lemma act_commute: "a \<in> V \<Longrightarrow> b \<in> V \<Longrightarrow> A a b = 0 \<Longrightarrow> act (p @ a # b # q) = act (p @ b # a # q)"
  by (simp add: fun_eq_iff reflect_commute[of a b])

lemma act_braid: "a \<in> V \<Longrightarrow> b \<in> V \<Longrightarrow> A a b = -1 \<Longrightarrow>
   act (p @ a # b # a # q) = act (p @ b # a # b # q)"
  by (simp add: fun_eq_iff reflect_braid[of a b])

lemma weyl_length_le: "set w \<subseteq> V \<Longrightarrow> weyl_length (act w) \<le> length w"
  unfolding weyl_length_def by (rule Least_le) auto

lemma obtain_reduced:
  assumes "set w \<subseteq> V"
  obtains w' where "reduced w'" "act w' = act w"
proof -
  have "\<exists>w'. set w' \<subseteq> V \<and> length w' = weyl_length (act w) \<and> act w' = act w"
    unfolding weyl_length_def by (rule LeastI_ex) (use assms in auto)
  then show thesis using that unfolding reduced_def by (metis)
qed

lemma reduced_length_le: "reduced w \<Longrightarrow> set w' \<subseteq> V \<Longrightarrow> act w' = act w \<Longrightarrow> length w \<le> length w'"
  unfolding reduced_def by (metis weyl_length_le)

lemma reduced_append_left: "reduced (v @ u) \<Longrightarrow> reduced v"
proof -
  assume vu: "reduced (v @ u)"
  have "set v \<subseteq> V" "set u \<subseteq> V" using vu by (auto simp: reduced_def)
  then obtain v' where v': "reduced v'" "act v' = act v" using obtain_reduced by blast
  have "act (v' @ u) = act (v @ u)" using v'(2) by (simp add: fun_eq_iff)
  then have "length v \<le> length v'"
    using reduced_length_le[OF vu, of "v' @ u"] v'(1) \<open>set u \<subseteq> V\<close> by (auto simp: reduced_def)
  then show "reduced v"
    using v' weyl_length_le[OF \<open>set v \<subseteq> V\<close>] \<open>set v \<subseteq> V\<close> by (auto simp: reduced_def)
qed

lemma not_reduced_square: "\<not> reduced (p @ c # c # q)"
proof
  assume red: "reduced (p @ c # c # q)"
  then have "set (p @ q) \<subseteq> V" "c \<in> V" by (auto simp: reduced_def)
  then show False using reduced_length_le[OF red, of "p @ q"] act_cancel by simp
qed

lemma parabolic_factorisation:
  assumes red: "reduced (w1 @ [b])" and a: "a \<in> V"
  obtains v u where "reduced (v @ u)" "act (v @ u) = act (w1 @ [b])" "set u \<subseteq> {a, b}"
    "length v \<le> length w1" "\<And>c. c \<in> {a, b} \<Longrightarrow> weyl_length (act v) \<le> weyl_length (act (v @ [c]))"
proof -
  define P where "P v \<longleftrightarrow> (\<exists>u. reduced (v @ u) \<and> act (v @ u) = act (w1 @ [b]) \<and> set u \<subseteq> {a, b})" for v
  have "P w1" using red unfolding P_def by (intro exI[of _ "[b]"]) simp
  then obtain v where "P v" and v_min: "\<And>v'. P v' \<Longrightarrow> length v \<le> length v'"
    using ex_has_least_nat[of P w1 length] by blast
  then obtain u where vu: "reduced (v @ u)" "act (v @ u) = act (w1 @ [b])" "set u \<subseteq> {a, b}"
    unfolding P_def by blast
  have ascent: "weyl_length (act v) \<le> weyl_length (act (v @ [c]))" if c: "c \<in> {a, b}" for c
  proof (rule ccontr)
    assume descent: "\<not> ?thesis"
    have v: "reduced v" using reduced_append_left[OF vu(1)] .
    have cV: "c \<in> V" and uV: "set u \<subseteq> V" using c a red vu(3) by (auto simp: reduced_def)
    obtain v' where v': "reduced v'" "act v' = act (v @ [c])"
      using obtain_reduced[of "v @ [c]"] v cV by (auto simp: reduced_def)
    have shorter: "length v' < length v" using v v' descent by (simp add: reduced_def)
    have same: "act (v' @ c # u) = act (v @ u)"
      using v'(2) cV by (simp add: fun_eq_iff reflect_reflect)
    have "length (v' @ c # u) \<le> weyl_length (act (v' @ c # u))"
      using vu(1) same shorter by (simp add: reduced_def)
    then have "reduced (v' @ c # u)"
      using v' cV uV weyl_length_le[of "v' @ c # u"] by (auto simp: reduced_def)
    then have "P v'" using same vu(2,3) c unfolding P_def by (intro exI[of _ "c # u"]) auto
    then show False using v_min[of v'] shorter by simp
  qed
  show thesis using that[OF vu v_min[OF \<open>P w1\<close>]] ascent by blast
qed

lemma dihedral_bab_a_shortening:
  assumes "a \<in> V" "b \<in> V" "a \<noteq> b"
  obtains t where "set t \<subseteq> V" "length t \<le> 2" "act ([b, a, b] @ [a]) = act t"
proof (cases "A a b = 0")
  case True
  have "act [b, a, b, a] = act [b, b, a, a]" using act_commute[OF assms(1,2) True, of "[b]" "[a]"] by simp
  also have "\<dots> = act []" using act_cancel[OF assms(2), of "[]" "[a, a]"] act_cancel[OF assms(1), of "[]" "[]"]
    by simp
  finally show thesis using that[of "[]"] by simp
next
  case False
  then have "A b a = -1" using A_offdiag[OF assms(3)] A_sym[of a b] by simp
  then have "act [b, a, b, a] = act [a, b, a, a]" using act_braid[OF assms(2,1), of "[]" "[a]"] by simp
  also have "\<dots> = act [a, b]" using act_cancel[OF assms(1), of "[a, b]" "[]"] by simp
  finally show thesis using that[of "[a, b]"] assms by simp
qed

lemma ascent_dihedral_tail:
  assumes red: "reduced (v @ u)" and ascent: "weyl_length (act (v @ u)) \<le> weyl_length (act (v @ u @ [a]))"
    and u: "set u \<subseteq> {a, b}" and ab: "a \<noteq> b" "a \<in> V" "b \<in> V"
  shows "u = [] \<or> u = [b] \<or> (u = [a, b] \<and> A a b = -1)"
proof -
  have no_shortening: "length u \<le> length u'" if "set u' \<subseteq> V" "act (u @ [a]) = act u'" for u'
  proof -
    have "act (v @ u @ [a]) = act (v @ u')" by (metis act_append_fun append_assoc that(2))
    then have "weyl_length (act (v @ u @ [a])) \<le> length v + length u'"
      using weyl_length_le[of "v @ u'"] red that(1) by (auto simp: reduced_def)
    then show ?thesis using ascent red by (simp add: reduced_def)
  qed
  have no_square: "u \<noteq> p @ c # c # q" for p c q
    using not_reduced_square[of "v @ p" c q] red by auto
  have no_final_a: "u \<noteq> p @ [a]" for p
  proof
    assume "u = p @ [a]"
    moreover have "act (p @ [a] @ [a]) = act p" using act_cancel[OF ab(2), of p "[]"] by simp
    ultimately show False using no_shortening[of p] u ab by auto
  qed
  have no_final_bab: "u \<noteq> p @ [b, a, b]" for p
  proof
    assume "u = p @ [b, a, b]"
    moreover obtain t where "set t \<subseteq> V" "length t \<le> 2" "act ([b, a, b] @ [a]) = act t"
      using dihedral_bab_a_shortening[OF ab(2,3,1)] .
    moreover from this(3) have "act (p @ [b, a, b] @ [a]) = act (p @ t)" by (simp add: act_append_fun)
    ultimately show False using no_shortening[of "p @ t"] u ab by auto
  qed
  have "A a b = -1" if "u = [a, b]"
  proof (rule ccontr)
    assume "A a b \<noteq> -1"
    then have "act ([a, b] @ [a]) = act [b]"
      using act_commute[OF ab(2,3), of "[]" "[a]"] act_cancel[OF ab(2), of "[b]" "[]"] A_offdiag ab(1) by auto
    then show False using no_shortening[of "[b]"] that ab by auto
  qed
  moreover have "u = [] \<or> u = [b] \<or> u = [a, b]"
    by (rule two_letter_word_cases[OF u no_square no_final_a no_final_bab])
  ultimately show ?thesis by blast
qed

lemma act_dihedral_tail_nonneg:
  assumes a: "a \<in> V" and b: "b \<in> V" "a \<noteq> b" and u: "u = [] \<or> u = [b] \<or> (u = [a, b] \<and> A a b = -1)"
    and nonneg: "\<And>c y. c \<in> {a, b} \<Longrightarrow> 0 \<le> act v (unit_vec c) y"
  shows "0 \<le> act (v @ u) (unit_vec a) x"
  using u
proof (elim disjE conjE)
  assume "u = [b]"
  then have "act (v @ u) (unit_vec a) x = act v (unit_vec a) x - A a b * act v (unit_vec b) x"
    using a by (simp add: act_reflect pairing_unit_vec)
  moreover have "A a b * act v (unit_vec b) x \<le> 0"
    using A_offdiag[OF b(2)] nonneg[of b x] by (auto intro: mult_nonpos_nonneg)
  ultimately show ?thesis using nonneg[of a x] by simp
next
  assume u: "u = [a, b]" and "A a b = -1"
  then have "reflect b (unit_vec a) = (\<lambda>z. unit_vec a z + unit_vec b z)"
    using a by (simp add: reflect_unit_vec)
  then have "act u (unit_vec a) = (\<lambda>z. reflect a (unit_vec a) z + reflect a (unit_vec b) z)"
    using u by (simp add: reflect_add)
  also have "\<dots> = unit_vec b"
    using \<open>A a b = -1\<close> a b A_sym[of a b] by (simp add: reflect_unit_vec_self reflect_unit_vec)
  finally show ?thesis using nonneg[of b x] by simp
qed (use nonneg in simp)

• [PROBLEM TO SOLVE] If a line in the data holds the word "lambda", count it, then state the total alone.

• [RESULT OF THE EXERCISE] 2